25. Januar 2020, 17 Uhr

 

JOHANNES BRAHMS

LIEBESLIEDER“ op.52 & „NEUE LIEBESLIEDER“ op.65

 

für Solistenquartett & Klavier zu 4 Händen

EILIKA WÜNSCH (Sopran), DENISE SEYHAN (Alt),

WOLFGANG KLOSE (Tenor), CLEMENS MORGENTHALER (Bass)

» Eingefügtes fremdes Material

lemma edge_compatible_inj_on:
  assumes "edge_compatible X f"
  shows "inj_on f (ppos X)"
  using assms
proof (induction X arbitrary: f)
  case PTip
  then show ?case by simp
next
  case (PNd l b r)
  have inj_l: "inj_on (f \<circ> Cons False) (ppos l)" and inj_r: "inj_on (f \<circ> Cons True) (ppos r)"
    using PNd by (auto simp: edge_compatible_PNd)
  have extends: "\<exists>u. f (d # p) = f [] @ d # u" if "d # p \<in> ppos (PNd l b r)" for d p
    using edge_compatible_Cons_extends[OF PNd.prems that] .
  show ?case
  proof (rule inj_onI)
    fix x y assume x: "x \<in> ppos (PNd l b r)" and y: "y \<in> ppos (PNd l b r)" and "f x = f y"
    show "x = y"
    proof (cases x; cases y)
      fix d p e q assume "x = d # p" "y = e # q"
      with x y extends[of d p] extends[of e q] \<open>f x = f y\<close> have "d = e" by auto
      show "x = y"
      proof (cases d)
        case True
        with x y \<open>x = d # p\<close> \<open>y = e # q\<close> \<open>d = e\<close> \<open>f x = f y\<close> show ?thesis
          using inj_onD[OF inj_r, of p q] by auto
      next
        case False
        with x y \<open>x = d # p\<close> \<open>y = e # q\<close> \<open>d = e\<close> \<open>f x = f y\<close> show ?thesis
          using inj_onD[OF inj_l, of p q] by auto
      qed
    next
      fix e q assume "x = []" "y = e # q"
      then show "x = y" using extends[of e q] y \<open>f x = f y\<close> by auto
    next
      fix d p assume "x = d # p" "y = []"
      then show "x = y" using extends[of d p] x \<open>f x = f y\<close> by auto
    qed simp
  qed
qed
(* For every integer $d\ge3$, the number of binomials of degree $d$ in the set $\mathcal{G}'=\{g^{\mathbf{s}}:\mathbf{s}\in\{1,2\}^n,n\in\mathbb{N}_0\}$ equals the Fibonacci number $F_{d-3}$.
   Context: Fibonacci numbers: $F_0=0$, $F_1=1$, $F_{n+2}=F_{n+1}+F_n$. The binomials live in $R=\mathbb{K}[x_{i,i+1},x_{i,i+2}: i\in\mathbb{N}]$ ($\mathbb{K}$ a field). Let $E=\{[i,i+1],[i,i+2]:i\in\mathbb{N}\}$, totally ordered by $[i,j]\le[k,l]$ iff $i\le k$ and $j\le l$. For a binomial $g=\prod x_{i,j}^{u_{i,j}}-\prod x_{i,j}^{v_{i,j}}$, $w_g([i,j])=u_{i,j}-v_{i,j}$; a finitely supported $w:E\to\mathbb{Z}$ has associated binomial $\prod x_{i,j}^{\max(w([i,j]),0)}-\prod x_{i,j}^{\max(-w([i,j]),0)}$. A vertex $n$ is adjacent to $g$ if $n\in\{i,j\}$ for some $[i,j]$ with $w_g([i,j])\ne0$. Let $g^{\emptyset}=x_{1,2}x_{3,5}^2x_{6,7}-x_{1,3}x_{2,3}x_{5,6}x_{5,7}$; recursively, for $\mathbf{s}=(s_1,\dots,s_n)$ with $w=w_{g^{\mathbf{s}}}$ and $k$ the largest vertex adjacent to $g^{\mathbf{s}}$, $g^{(s_1,\dots,s_n,1)}$ is the binomial of the weight $[i,j]\mapsto w([i,j])$ if $[i,j]\le[k-4,k-2]$, $2w([i,j])$ if $[i,j]=[k-2,k]$, $-w([i-2,j-2])$ if $[i,j]\ge[k,k+1]$, $0$ otherwise; and $g^{(s_1,\dots,s_n,2)}$ is the binomial of the weight $[i,j]\mapsto w([i,j])$ if $[i,j]\le[k-4,k-2]$, $2w([i,j])$ if $[i,j]=[k-2,k-1]$, $-2w([k-2,k-1])$ if $[i,j]=[k-1,k+1]$, $w([i-3,j-3])$ if $[i,j]\ge[k+1,k+2]$, $0$ otherwise. *)

theory Defs
  imports "HOL-Number_Theory.Fib"
begin

text \<open>Weights are integer functions on pairs (zero outside E).
  A monomial is an exponent function on pairs; a binomial is represented by
  its pair of monomials (u, v), standing for u - v.\<close>

type_synonym edge = "nat \<times> nat"
type_synonym weight = "edge \<Rightarrow> int"
type_synonym monomial = "edge \<Rightarrow> nat"
type_synonym binomial = "monomial \<times> monomial"

definition Edges :: "edge set" where
  "Edges = {(i, i + 1) | i. True} \<union> {(i, i + 2) | i. True}"

definition edge_le :: "edge \<Rightarrow> edge \<Rightarrow> bool" where
  "edge_le e f \<longleftrightarrow> fst e \<le> fst f \<and> snd e \<le> snd f"

definition weight_of :: "binomial \<Rightarrow> weight" where
  "weight_of g = (\<lambda>e. int (fst g e) - int (snd g e))"

definition binom_of :: "weight \<Rightarrow> binomial" where
  "binom_of w = ((\<lambda>e. nat (max (w e) 0)), (\<lambda>e. nat (max (- w e) 0)))"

am Flügel: ANDREA CAPECCI & BERNHARD WÜNSCH

 

 

 

Die vertonten Texte aus einer Sammlung des Philosophen und Dichters Georg F. Daumer beruhen auf russischen, polnischen und ungarischen Vorlagen. Die erste Sammlung op. 52 ist eine lockere Folge von Liebesliedern auf lyrisch-schwelgende, heiter-ironische, aber auch energisch-bestimmte Texte, über die der Komponist selbst urteilte: „Übrigens möchte ich doch riskieren, ein Esel zu heißen, wenn unsere Liebeslieder nicht einigen Leuten Freude machen.“ Demgegenüber handeln die Texte der zweiten Sammlung überwiegend von den Schattenseiten der Liebe: Misstrauen, Enttäuschung und Verzicht. Die erste öffentliche Aufführung der Liedersammlung erfolgte am 5. Januar 1870, mit Clara Schumann und Brahms selbst am Klavier. Mit diesem Neujahrskonzert beginnen wir das neue Jahr mit beseelten, beschwingten, heiteren und doch immer wieder auch nachdenklichen Tönen.

 

RÜCKBLICK

 

20. Oktober, 17 Uhr

CHOPIN und LISZT – die Grandiosen

 

ANDREA CAPECCI (Klavier)

EILIKA (Sopran) & BERNHARD WÜNSCH (Klavier)

Klavierwerke und Lieder von F. Chopin und Franz Liszt - Bearbeitungen Chopin´scher Lieder von F. Liszt für Klavier-Solo

 

 

Er begeisterte "... mit Werken von Chopin und Debussy durch seine künstlerische Reife, musikalische Intelligenz, technische Überlegenheit und seinen Farbenreichtum..." (Hessischer Rundfunk). 2009 verlieh ihm die Jury des DAAD-Wettbewerb einstimmig den ersten Preis. Der Pianist konzertiert regelmäßig als Solist bei wichtigen Festivals und Konzertreihen in Europa und mit Orchestern wie dem hr-Sinfonieorchester Mit ANDREA CAPECCI begrüßen wir einen äußerst feinsinnigen und technisch überragenden Pianisten, der u.a. die berühmte Ballade g-Moll von F. Chopin spielen wird, die aufgrund ihrer tiefen Intensität im Film „Der Pianist“ eine existentielle Rolle spielt.

Um Raritäten handelt es sich bei den Polnischen Liedern, die Chopin im Verlauf von zwei Jahrzehnten auf damals aktuelle romantische Gedichte komponiert und gesammelt als sein op. 74 herausgegeben hat. Es sind stilistisch sehr unterschiedliche Vertonungen, deren Spannweite vom launigen Gesellschaftslied bis zur Rhapsodie, von der balladenartigen Dumka bis zur lyrischen Romanze reicht. Ergänzt wird das Programm von Bearbeitungen Chopin´scher Lieder von Franz Liszt für Klavier-Solo und den balladenartigen Liedern dieses Komponisten.